Your task is to copy the stretch of lines in the records below that begins with the line containing "V_def by auto" and ends with the line containing "using par_nonsrc[OF that]", exactly as written, with nothing added.
___ GIVEN DATA
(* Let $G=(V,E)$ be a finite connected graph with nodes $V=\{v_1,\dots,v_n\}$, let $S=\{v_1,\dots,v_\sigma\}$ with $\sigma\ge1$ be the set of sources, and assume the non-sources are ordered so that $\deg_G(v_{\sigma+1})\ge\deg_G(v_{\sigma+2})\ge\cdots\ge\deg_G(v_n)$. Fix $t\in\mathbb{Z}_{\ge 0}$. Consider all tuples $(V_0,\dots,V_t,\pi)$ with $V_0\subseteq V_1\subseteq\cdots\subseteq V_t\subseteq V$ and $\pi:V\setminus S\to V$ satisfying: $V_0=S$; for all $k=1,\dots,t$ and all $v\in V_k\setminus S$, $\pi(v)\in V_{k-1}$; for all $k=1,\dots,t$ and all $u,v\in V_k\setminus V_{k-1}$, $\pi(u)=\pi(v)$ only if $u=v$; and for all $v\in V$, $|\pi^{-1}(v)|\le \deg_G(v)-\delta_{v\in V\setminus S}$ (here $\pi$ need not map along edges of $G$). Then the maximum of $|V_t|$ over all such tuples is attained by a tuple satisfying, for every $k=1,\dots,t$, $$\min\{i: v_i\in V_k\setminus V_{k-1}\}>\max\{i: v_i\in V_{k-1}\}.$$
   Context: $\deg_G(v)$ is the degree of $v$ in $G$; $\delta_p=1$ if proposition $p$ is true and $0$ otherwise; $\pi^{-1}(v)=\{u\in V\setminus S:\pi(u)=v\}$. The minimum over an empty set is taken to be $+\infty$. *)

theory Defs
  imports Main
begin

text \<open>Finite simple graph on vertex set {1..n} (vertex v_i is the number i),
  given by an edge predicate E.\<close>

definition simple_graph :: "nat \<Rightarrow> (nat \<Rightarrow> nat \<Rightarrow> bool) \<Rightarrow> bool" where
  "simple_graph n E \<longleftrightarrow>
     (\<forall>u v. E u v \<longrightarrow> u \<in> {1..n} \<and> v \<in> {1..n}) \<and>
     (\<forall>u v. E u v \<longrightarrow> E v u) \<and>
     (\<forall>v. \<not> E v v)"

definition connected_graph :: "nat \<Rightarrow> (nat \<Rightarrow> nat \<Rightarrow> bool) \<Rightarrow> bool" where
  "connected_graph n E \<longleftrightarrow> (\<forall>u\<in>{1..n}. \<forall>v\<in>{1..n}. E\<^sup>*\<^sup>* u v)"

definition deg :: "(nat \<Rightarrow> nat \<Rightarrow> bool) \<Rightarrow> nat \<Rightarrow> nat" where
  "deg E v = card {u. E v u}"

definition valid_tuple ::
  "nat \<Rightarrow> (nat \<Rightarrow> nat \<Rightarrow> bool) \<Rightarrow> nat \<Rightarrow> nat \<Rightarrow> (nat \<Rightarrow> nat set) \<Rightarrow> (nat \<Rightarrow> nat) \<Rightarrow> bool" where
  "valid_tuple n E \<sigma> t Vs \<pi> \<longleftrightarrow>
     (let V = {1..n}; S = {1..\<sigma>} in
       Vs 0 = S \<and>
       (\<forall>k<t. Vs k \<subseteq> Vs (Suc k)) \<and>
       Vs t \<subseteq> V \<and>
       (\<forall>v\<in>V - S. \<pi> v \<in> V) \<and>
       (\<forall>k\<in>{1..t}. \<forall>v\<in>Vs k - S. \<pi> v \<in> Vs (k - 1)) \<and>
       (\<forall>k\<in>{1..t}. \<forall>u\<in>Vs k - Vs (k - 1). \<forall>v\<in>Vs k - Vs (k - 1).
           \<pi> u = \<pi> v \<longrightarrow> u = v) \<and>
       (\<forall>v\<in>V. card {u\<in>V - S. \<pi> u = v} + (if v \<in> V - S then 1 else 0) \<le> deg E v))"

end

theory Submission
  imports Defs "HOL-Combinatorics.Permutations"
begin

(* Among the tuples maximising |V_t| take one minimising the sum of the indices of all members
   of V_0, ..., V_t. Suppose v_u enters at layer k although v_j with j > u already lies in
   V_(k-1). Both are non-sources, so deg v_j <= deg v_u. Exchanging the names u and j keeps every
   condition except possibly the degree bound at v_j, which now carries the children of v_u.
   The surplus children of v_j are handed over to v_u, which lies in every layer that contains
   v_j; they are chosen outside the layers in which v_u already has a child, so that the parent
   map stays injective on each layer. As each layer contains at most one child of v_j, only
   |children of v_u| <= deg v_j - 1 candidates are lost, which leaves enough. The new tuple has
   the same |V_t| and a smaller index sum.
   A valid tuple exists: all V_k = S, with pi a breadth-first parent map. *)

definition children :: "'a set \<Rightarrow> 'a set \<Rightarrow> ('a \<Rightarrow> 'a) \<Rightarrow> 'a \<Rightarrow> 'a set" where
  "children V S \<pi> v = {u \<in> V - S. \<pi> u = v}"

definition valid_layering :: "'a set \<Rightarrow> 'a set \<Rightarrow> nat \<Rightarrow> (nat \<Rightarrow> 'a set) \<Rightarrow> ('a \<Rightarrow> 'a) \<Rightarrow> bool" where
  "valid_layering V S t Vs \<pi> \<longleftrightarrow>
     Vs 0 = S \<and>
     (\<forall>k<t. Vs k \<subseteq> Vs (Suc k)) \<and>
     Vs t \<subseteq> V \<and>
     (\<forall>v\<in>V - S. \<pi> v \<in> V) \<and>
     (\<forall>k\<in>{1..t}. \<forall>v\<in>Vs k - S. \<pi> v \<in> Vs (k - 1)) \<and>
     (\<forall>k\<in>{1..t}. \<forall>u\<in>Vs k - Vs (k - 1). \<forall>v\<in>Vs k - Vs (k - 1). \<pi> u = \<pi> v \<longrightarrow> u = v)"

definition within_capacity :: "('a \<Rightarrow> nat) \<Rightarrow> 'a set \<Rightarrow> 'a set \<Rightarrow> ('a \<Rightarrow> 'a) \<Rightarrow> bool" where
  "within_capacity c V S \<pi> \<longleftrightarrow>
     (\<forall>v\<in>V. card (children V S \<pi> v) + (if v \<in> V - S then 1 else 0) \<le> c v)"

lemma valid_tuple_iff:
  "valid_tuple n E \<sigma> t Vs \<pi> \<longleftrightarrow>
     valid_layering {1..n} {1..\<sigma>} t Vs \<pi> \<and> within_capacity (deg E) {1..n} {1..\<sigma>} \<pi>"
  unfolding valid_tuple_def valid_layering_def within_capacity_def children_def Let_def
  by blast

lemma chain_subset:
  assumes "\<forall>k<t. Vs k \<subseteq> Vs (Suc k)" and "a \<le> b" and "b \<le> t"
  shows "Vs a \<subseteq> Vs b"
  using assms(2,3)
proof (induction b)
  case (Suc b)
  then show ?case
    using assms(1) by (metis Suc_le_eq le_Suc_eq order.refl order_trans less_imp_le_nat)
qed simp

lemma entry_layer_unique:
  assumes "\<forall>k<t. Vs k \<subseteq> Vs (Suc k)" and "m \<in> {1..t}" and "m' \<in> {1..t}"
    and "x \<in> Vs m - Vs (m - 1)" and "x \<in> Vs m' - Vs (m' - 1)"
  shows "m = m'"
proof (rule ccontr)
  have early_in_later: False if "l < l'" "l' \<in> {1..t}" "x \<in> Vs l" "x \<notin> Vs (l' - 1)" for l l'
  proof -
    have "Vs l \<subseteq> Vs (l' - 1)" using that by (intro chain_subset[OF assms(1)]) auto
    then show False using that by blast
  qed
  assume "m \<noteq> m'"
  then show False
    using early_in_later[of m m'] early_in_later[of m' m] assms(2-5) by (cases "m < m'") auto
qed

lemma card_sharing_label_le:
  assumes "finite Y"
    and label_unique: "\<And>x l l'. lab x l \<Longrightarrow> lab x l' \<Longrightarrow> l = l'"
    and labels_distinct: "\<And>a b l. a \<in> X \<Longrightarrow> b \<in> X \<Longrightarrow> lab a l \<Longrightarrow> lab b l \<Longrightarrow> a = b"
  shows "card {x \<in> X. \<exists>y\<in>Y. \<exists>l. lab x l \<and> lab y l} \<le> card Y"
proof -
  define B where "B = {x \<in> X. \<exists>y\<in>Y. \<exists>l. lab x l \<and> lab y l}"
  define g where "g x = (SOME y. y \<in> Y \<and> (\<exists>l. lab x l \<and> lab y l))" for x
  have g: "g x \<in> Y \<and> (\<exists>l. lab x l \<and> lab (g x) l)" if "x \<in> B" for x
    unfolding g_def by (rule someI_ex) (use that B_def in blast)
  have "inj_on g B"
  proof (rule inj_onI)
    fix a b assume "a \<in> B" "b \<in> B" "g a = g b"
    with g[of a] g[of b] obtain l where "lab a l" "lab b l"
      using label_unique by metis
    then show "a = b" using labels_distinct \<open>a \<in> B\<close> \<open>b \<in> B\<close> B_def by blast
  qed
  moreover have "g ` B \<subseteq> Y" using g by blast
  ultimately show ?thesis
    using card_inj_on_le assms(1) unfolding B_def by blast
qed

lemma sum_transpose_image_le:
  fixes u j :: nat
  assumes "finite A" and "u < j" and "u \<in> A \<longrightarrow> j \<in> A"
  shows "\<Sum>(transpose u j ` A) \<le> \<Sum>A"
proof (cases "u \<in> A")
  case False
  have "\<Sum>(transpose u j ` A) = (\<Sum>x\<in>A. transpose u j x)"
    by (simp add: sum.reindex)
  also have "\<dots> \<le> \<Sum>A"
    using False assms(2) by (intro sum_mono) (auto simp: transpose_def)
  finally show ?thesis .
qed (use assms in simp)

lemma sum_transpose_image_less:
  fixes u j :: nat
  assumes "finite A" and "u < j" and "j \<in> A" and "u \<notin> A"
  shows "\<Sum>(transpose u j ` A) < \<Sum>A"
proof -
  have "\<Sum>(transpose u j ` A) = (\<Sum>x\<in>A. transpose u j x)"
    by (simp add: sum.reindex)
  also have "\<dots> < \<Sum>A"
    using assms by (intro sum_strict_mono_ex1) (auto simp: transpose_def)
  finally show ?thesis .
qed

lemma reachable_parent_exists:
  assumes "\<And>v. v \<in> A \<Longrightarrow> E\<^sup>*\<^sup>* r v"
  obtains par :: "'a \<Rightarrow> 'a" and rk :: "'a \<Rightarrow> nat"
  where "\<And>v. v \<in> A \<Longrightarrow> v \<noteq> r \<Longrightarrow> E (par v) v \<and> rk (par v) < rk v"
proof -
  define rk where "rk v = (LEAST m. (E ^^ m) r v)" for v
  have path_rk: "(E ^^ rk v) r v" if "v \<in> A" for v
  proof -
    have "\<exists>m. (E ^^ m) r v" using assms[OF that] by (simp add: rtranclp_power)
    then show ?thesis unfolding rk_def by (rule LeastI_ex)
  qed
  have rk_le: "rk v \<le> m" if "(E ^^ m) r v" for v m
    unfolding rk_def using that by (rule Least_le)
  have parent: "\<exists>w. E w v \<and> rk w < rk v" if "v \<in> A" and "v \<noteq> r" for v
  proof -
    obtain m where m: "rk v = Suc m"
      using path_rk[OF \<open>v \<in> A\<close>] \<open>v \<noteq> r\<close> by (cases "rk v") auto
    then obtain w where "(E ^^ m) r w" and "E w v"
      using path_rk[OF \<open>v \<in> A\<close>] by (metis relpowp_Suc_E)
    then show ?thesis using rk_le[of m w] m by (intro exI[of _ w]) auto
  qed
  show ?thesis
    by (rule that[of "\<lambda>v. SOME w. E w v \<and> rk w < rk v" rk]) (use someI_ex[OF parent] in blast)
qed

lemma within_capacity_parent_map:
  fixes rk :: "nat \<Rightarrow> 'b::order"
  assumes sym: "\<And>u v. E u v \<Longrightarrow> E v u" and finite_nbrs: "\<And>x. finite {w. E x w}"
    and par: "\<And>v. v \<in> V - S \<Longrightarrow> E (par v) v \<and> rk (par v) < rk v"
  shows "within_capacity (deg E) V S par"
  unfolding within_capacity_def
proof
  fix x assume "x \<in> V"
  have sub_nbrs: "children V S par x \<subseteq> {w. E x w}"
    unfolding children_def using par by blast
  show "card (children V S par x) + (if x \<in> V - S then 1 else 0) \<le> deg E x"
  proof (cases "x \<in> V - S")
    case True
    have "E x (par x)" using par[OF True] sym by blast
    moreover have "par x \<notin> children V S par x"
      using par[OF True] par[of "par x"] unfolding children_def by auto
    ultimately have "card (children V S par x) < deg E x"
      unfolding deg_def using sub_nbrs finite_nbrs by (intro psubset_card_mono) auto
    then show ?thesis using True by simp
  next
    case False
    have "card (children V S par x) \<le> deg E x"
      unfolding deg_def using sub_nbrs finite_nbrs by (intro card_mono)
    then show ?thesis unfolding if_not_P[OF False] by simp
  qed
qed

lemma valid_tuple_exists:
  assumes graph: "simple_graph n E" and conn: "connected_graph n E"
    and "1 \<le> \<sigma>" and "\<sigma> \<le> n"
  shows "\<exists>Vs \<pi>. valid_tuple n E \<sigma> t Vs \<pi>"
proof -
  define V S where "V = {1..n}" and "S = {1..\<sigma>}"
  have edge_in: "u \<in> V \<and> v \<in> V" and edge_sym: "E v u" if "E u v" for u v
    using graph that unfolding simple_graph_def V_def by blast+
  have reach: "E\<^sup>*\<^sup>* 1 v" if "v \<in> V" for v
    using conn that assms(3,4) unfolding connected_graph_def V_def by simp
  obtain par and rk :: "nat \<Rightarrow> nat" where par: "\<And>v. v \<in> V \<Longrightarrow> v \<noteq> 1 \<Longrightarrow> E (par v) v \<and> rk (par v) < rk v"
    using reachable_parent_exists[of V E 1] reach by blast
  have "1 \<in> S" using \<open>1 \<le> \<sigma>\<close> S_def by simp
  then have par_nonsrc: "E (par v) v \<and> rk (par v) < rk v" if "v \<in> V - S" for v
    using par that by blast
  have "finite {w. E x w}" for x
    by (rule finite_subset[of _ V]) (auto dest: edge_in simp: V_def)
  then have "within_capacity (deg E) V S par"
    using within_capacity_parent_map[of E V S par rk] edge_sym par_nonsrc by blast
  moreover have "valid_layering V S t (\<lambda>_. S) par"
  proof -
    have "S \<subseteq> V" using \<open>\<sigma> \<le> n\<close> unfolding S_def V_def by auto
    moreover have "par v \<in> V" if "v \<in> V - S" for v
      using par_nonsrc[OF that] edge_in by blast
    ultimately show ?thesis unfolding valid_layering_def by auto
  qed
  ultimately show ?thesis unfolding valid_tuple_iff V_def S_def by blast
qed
______
**OUTPUT**
    have "S \<subseteq> V" using \<open>\<sigma> \<le> n\<close> unfolding S_def V_def by auto
    moreover have "par v \<in> V" if "v \<in> V - S" for v
      using par_nonsrc[OF that] edge_in by blast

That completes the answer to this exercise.